Luc Frieden, conscient de la popularité d’une telle mesure mais inquiet des conséquences négatives qu’elle pourrait avoir à long terme, a insisté sur l’importance de s’entendre sur l’objectif d’une telle taxe bancaire. S’agit-il d’augmenter les recettes des Etats ou de prévenir de futures crises ?
Pour le ministre luxembourgeois, s’il s’agit de trouver de nouvelles recettes, chaque pays doit trouver l’instrument le plus adapté. Pour le Luxembourg, il s’est agi par exemple d’augmenter l’assurance accident, ce qui aura pour résultat que les banques vont aider les PME.

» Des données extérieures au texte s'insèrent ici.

(* Let $\alpha,\beta,r>0$ and let the monopoly demand be $D_M(p)=(\alpha-p)/\beta$. Consider a monopolist with remaining capacity following $dx(t)=-D_M(p(x(t)))\,dt$, $x(0)=x\ge0$ (deterministic, $\sigma=0$), choosing a Markov price $p(\cdot)\ge0$, with value function $$v_M(x)=\sup_{p\ge0}\int_0^\infty e^{-rt}p(x(t))D_M(p(x(t)))\mathbf{1}_{\{x(t)>0\}}\,dt .$$ Then $$v_M(x)=\frac{\alpha^2}{4\beta r}\Big[\mathbf{W}\big(-e^{-\mu x-1}\big)+1\Big]^2,\qquad \mu=\frac{2\beta r}{\alpha},$$ where $\mathbf{W}$ is the Lambert $W$ function (principal branch), defined by $Y=\mathbf{W}(Y)e^{\mathbf{W}(Y)}$ on $Y\ge -e^{-1}$.
   Context: The associated Bellman equation is $\frac{1}{4\beta}(v_M'-\alpha)^2-rv_M=0$ with $v_M(0)=0$, and solutions with $\lim_{x\to\infty}v_M'(x)=0$ are sought. *)

theory Defs
  imports "HOL-Analysis.Analysis"
begin

definition lambertW :: "real \<Rightarrow> real" where
  "lambertW y = (THE w. w \<ge> -1 \<and> w * exp w = y)"

definition demandM :: "real \<Rightarrow> real \<Rightarrow> real \<Rightarrow> real" where
  "demandM \<alpha> \<beta> p = (\<alpha> - p) / \<beta>"

definition revenueM :: "real \<Rightarrow> real \<Rightarrow> real \<Rightarrow> (real \<Rightarrow> real) \<Rightarrow> (real \<Rightarrow> real) \<Rightarrow> real \<Rightarrow> real" where
  "revenueM \<alpha> \<beta> r p X t =
     exp (- r * t) * p (X t) * demandM \<alpha> \<beta> (p (X t)) * (if X t > 0 then 1 else 0)"

definition admissibleM :: "real \<Rightarrow> real \<Rightarrow> real \<Rightarrow> real \<Rightarrow> (real \<Rightarrow> real) \<Rightarrow> (real \<Rightarrow> real) \<Rightarrow> bool" where
  "admissibleM \<alpha> \<beta> r x p X \<longleftrightarrow>
     (\<forall>y. p y \<ge> 0) \<and> X 0 = x \<and>
     (\<forall>t\<ge>0. (X has_real_derivative (- demandM \<alpha> \<beta> (p (X t)))) (at t within {0..})) \<and>
     set_integrable lborel {0..} (revenueM \<alpha> \<beta> r p X)"

definition valueM :: "real \<Rightarrow> real \<Rightarrow> real \<Rightarrow> real \<Rightarrow> real" where
  "valueM \<alpha> \<beta> r x =
     Sup {J. \<exists>p X. admissibleM \<alpha> \<beta> r x p X \<and>
                  J = (LINT t:{0..}|lborel. revenueM \<alpha> \<beta> r p X t)}"

end

theory Submission
  imports Defs
begin

text \<open>Write \<open>omega y = W (- exp (- mu * y - 1))\<close>. The candidate
  \<open>vM y = K * (omega y + 1)^2\<close> solves the Bellman equation \<open>(vM' - \<alpha>)^2 / (4 * \<beta>) = r * vM\<close>
  on \<open>(0, \<infinity>)\<close> with \<open>vM' = - \<alpha> * omega\<close>, vanishes at \<open>0\<close> and satisfies \<open>vM y \<le> \<alpha> * y\<close>.
  For an admissible pair the Bellman inequality \<open>p * D p \<le> r * vM + vM' * D p\<close> says that
  \<open>exp (- r * t) * vM (X t)\<close> decreases at least at the rate of the discounted revenue.
  The composition is differentiable except where \<open>X\<close> reaches \<open>0\<close> with nonzero speed, which
  happens at most once, so integrating bounds the revenue by \<open>vM x\<close>.
  Conversely the price \<open>\<alpha> * (1 - omega y) / 2\<close> attains the maximum in the Bellman equation;
  along its trajectory \<open>omega (X t) = omega x * exp (r * t)\<close>, capacity runs out at
  \<open>- ln (- omega x) / r\<close>, and the revenue integrates to exactly \<open>vM x\<close>.\<close>

section \<open>Lambert W and the logarithm\<close>

lemma mult_exp_strict_mono:
  fixes a b :: real
  assumes "-1 \<le> a" "a < b"
  shows "a * exp a < b * exp b"
proof (rule DERIV_pos_imp_increasing_open[OF assms(2)])
  fix w assume "a < w" "w < b"
  have "((\<lambda>w. w * exp w) has_real_derivative (1 + w) * exp w) (at w)"
    by (auto intro!: derivative_eq_intros simp: algebra_simps)
  moreover have "0 < (1 + w) * exp w" using assms \<open>a < w\<close> by simp
  ultimately show "\<exists>y. ((\<lambda>w. w * exp w) has_real_derivative y) (at w) \<and> 0 < y" by blast
qed (intro continuous_intros)

lemma lambertW_eqI:
  assumes "-1 \<le> w" "w * exp w = y"
  shows "lambertW y = w"
  unfolding lambertW_def
proof (rule the_equality)
  fix v assume v: "-1 \<le> v \<and> v * exp v = y"
  show "v = w"
  proof (rule ccontr)
    assume "v \<noteq> w"
    then consider "v < w" | "w < v" by linarith
    then show False
      using mult_exp_strict_mono[of v w] mult_exp_strict_mono[of w v] v assms by cases auto
  qed
qed (use assms in auto)

lemma lambertW_neg:
  fixes y :: real
  assumes "- exp (-1) \<le> y" "y < 0"
  shows "-1 \<le> lambertW y" "lambertW y < 0" "lambertW y * exp (lambertW y) = y"
proof -
  obtain w where w: "-1 \<le> w" "w \<le> 0" "w * exp w = y"
    using IVT[of "\<lambda>w. w * exp w" "-1" y 0] assms by (auto intro!: continuous_intros simp: exp_minus)
  moreover have "w \<noteq> 0" using w assms by auto
  ultimately show "-1 \<le> lambertW y" "lambertW y < 0" "lambertW y * exp (lambertW y) = y"
    using lambertW_eqI[OF w(1,3)] by auto
qed

lemma ln_less_minus_one:
  fixes u :: real
  assumes "0 < u" "u \<noteq> 1"
  shows "ln u < u - 1"
  using ln_le_minus_one[of u] ln_eq_minus_one[of u] assms by fastforce

lemma square_le_ln_gap:
  fixes u :: real
  assumes "0 < u" "u \<le> 1"
  shows "(1 - u)^2 \<le> 2 * (u - 1 - ln u)"
proof -
  let ?g = "\<lambda>t. 2 * (t - 1 - ln t) - (1 - t)^2"
  have "?g 1 \<le> ?g u"
  proof (rule DERIV_nonpos_imp_decreasing_open[OF assms(2)])
    fix t assume t: "u < t" "t < 1"
    have "(?g has_real_derivative - 2 * (1 - t)^2 / t) (at t)"
      using t assms by (auto intro!: derivative_eq_intros simp: field_simps power2_eq_square)
    then show "\<exists>y. (?g has_real_derivative y) (at t) \<and> y \<le> 0"
      using t assms by auto
  qed (use assms in \<open>intro continuous_intros; auto\<close>)
  then show ?thesis by simp
qed

lemma unique_zero_of_deriv_pos_at_zeros:
  fixes f :: "real \<Rightarrow> real"
  assumes cont: "continuous_on {a..b} f"
    and deriv: "\<And>s. s \<in> {a..b} \<Longrightarrow> f s = 0 \<Longrightarrow> \<exists>D>0. (f has_real_derivative D) (at s)"
    and zeros: "f a = 0" "f b = 0" and "a \<le> b"
  shows "a = b"
proof (rule ccontr)
  assume "a \<noteq> b"
  with \<open>a \<le> b\<close> have ab: "a < b" by simp
  obtain D where "D > 0" "(f has_real_derivative D) (at a)"
    using deriv[of a] ab zeros by auto
  then obtain d where d: "d > 0" "\<And>h. 0 < h \<Longrightarrow> h < d \<Longrightarrow> f a < f (a + h)"
    using DERIV_pos_inc_right by blast
  define a1 where "a1 = a + min d (b - a) / 2"
  have "0 < min d (b - a) / 2" "min d (b - a) / 2 < d" "min d (b - a) / 2 < b - a"
    using d ab by auto
  then have a1: "a < a1" "a1 < b" "0 < f a1"
    using d(2) zeros by (auto simp: a1_def)
  txt \<open>\<open>f\<close> is positive right after \<open>a\<close>; the first zero \<open>t0\<close> after that is then approached
    from above, contradicting \<open>f' t0 > 0\<close>.\<close>
  define Z where "Z = {a1..b} \<inter> f -` {0}"
  have "closed Z"
    unfolding Z_def using a1 ab by (intro continuous_closed_preimage continuous_on_subset[OF cont]) auto
  moreover have "b \<in> Z" "bdd_below Z"
    using a1 zeros by (auto simp: Z_def intro: bdd_belowI[of _ a1])
  ultimately have "Inf Z \<in> Z" using closed_contains_Inf by blast
  define t0 where "t0 = Inf Z"
  have "a1 \<le> t0" "t0 \<le> b" "f t0 = 0"
    using \<open>Inf Z \<in> Z\<close> by (auto simp: Z_def t0_def)
  moreover have "a1 \<noteq> t0" using \<open>f t0 = 0\<close> a1 by auto
  ultimately have t0: "a1 < t0" "t0 \<le> b" "f t0 = 0" by auto
  have pos_before: "0 < f s" if s: "a1 \<le> s" "s < t0" for s
  proof (rule ccontr)
    assume "\<not> 0 < f s"
    moreover have "continuous_on {a1..s} f"
      using s t0 a1 by (intro continuous_on_subset[OF cont]) auto
    ultimately obtain s' where s': "a1 \<le> s'" "s' \<le> s" "f s' = 0"
      using IVT2'[of f s 0 a1] a1(3) s(1) by force
    then have "s' \<in> Z" using s t0 by (auto simp: Z_def)
    then have "t0 \<le> s'" using \<open>bdd_below Z\<close> unfolding t0_def by (rule cInf_lower)
    with s'(2) s(2) show False by simp
  qed
  obtain D' where "D' > 0" "(f has_real_derivative D') (at t0)"
    using deriv[of t0] t0 a1 by auto
  then obtain d' where d': "d' > 0" "\<And>h. 0 < h \<Longrightarrow> h < d' \<Longrightarrow> f (t0 - h) < f t0"
    using DERIV_pos_inc_left by blast
  define h where "h = min d' (t0 - a1) / 2"
  have "0 < h" "h < d'" "h \<le> t0 - a1" using d' t0 by (auto simp: h_def)
  then have "f (t0 - h) < 0" "0 < f (t0 - h)"
    using d'(2)[of h] pos_before[of "t0 - h"] t0 by auto
  then show False by simp
qed
(* For every nice graph $G$ with maximum degree at most $4$, $\chi'_{qm\Sigma}(G)\le 7$.
   Context: All graphs are simple and finite. A $k$-edge-coloring of $G$ is any map $c:E(G)\to\{1,\dots,k\}$ (adjacent edges may share colors). It induces $\sigma_c(v)=\sum_{u\in N(v)}c(vu)$. The coloring is neighbor sum distinguishing (NSD) if $\sigma_c(u)\ne\sigma_c(v)$ for every edge $uv$. It is quasi-majority if every vertex $v$ is incident to at most $\lceil d(v)/2\rceil$ edges of each single color. $\chi'_{qm\Sigma}(G)$ denotes the least $k$ such that $G$ has a $k$-edge-coloring that is both quasi-majority and NSD. A graph is nice if it has no connected component isomorphic to $K_2$. *)

theory Defs
  imports Complex_Main
begin

definition simple_graph :: "'a set \<Rightarrow> 'a set set \<Rightarrow> bool" where
  "simple_graph V E \<longleftrightarrow> finite V \<and>
     (\<forall>e\<in>E. \<exists>u v. u \<noteq> v \<and> u \<in> V \<and> v \<in> V \<and> e = {u, v})"

definition nbhd :: "'a set \<Rightarrow> 'a set set \<Rightarrow> 'a \<Rightarrow> 'a set" where
  "nbhd V E v = {u \<in> V. {v, u} \<in> E}"

definition degree :: "'a set \<Rightarrow> 'a set set \<Rightarrow> 'a \<Rightarrow> nat" where
  "degree V E v = card (nbhd V E v)"

definition max_degree_le :: "'a set \<Rightarrow> 'a set set \<Rightarrow> nat \<Rightarrow> bool" where
  "max_degree_le V E D \<longleftrightarrow> (\<forall>v\<in>V. degree V E v \<le> D)"

text \<open>Nice: no connected component isomorphic to K2, i.e. no edge both of whose
  endpoints have degree 1.\<close>
definition nice :: "'a set \<Rightarrow> 'a set set \<Rightarrow> bool" where
  "nice V E \<longleftrightarrow> \<not> (\<exists>u\<in>V. \<exists>v\<in>V. {u, v} \<in> E \<and> degree V E u = 1 \<and> degree V E v = 1)"

definition edge_coloring :: "'a set set \<Rightarrow> nat \<Rightarrow> ('a set \<Rightarrow> nat) \<Rightarrow> bool" where
  "edge_coloring E k c \<longleftrightarrow> (\<forall>e\<in>E. c e \<in> {1..k})"

definition sigma :: "'a set \<Rightarrow> 'a set set \<Rightarrow> ('a set \<Rightarrow> nat) \<Rightarrow> 'a \<Rightarrow> nat" where
  "sigma V E c v = (\<Sum>u\<in>nbhd V E v. c {v, u})"

definition nsd :: "'a set \<Rightarrow> 'a set set \<Rightarrow> ('a set \<Rightarrow> nat) \<Rightarrow> bool" where
  "nsd V E c \<longleftrightarrow> (\<forall>u\<in>V. \<forall>v\<in>V. {u, v} \<in> E \<longrightarrow> sigma V E c u \<noteq> sigma V E c v)"

definition quasi_majority :: "'a set \<Rightarrow> 'a set set \<Rightarrow> ('a set \<Rightarrow> nat) \<Rightarrow> bool" where
  "quasi_majority V E c \<longleftrightarrow> (\<forall>v\<in>V. \<forall>i::nat.
     real (card {u \<in> nbhd V E v. c {v, u} = i}) \<le> of_int \<lceil>real (degree V E v) / 2\<rceil>)"

definition qm_nsd_colorable :: "'a set \<Rightarrow> 'a set set \<Rightarrow> nat \<Rightarrow> bool" where
  "qm_nsd_colorable V E k \<longleftrightarrow>
     (\<exists>c. edge_coloring E k c \<and> quasi_majority V E c \<and> nsd V E c)"

definition chi_qm_sigma :: "'a set \<Rightarrow> 'a set set \<Rightarrow> nat" where
  "chi_qm_sigma V E = (LEAST k. qm_nsd_colorable V E k)"

end

(*
  Induction on the number of vertices, for a stronger invariant: a quasi-majority
  7-edge-colouring that distinguishes the ends of every edge outside K2 components.
  Delete a vertex v, colour G - v, and choose colours f u for the at most four edges vu.
  A neighbour u has at most three other neighbours and at most one colour that is already a
  strict majority at u, so at least 3 + deg_N u of the seven colours keep u apart from its
  neighbours outside N = N(v) and keep quasi-majority at u. Choosing from these lists so
  that the vertices of N stay apart from each other and from v, and no colour is used more
  than ceil(|N|/2) times at v, is a problem about sums of integers. Greedy choices solve it
  except for the last two colours when |N| = 4; there a 3 x 3 grid of candidates always
  contains a good pair.
*)

theory Submission
  imports Defs
begin

section \<open>Pairs in 3 \<times> 3 grids of integers\<close>

lemma obtain_sorted_triple:
  fixes A :: "'a::linorder set"
  assumes "card A = 3"
  obtains a1 a2 a3 where "a1 < a2" "a2 < a3" "A = {a1, a2, a3}"
proof -
  obtain x y z where A: "A = {x, y, z}" "x \<noteq> y" "y \<noteq> z" "x \<noteq> z"
    using assms by (auto simp: card_3_iff)
  have "x < y \<or> y < x" "y < z \<or> z < y" "x < z \<or> z < x" using A by auto
  then show thesis
    by (elim disjE) (use that A in \<open>auto simp: insert_commute\<close>)
qed

lemma obtain_sorted_triple_subset:
  fixes A :: "'a::linorder set"
  assumes "finite A" "3 \<le> card A"
  obtains a1 a2 a3 where "a1 < a2" "a2 < a3" "{a1, a2, a3} \<subseteq> A"
proof -
  obtain B where B: "B \<subseteq> A" "card B = 3"
    using obtain_subset_with_card_n[OF assms(2)] by blast
  obtain a1 a2 a3 where "a1 < a2" "a2 < a3" "B = {a1, a2, a3}"
    by (rule obtain_sorted_triple[OF B(2)])
  with B(1) show thesis using that by blast
qed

Pour Luc Frieden, la taxe bancaire devrait plutôt financer un fonds de résolution des défaillances bancaires, ainsi que l’a proposé le Commissaire Michel Barnier le 26 mai dernier. "Mais il faut que cela se fasse dans un cadre européen", a insisté le ministre qui pense qu’"il serait mauvais que chacun travaille dans son coin".
La plus grande crainte de Luc Frieden réside cependant dans la perspective d’un cumul de décisions qui pourrait nuire à l’économie du pays en mettant à mal les avantages de la place financière luxembourgeoise. "La taxe bancaire plus celle sur les transactions financières va augmenter le coût des banques. Tout ce qui est populaire risque à court terme d'augmenter les recettes mais à moyen et long terme d'avoir des conséquences négatives importantes", cite ainsi La Voix.
Côté luxembourgeois, le président de la BCL, Yves Mersch, a plaidé le même jour devant les députés de la Commission des Finances à la Chambre pour la mise en place d’un fonds de stabilité financière englobant un système de garantie de dépôts ainsi qu’un fonds de résolution de défaillances bancaires. Selon la BCL, tous les acteurs de la place financière luxembourgeoise devraient y contribuer annuellement par le paiement d’une taxe calculée en fonction des dépôts dont ils disposent et des bénéfices qu’ils réalisent. Ce fonds de stabilité devrait à terme servir d’amortisseur à toute nouvelle secousse financière.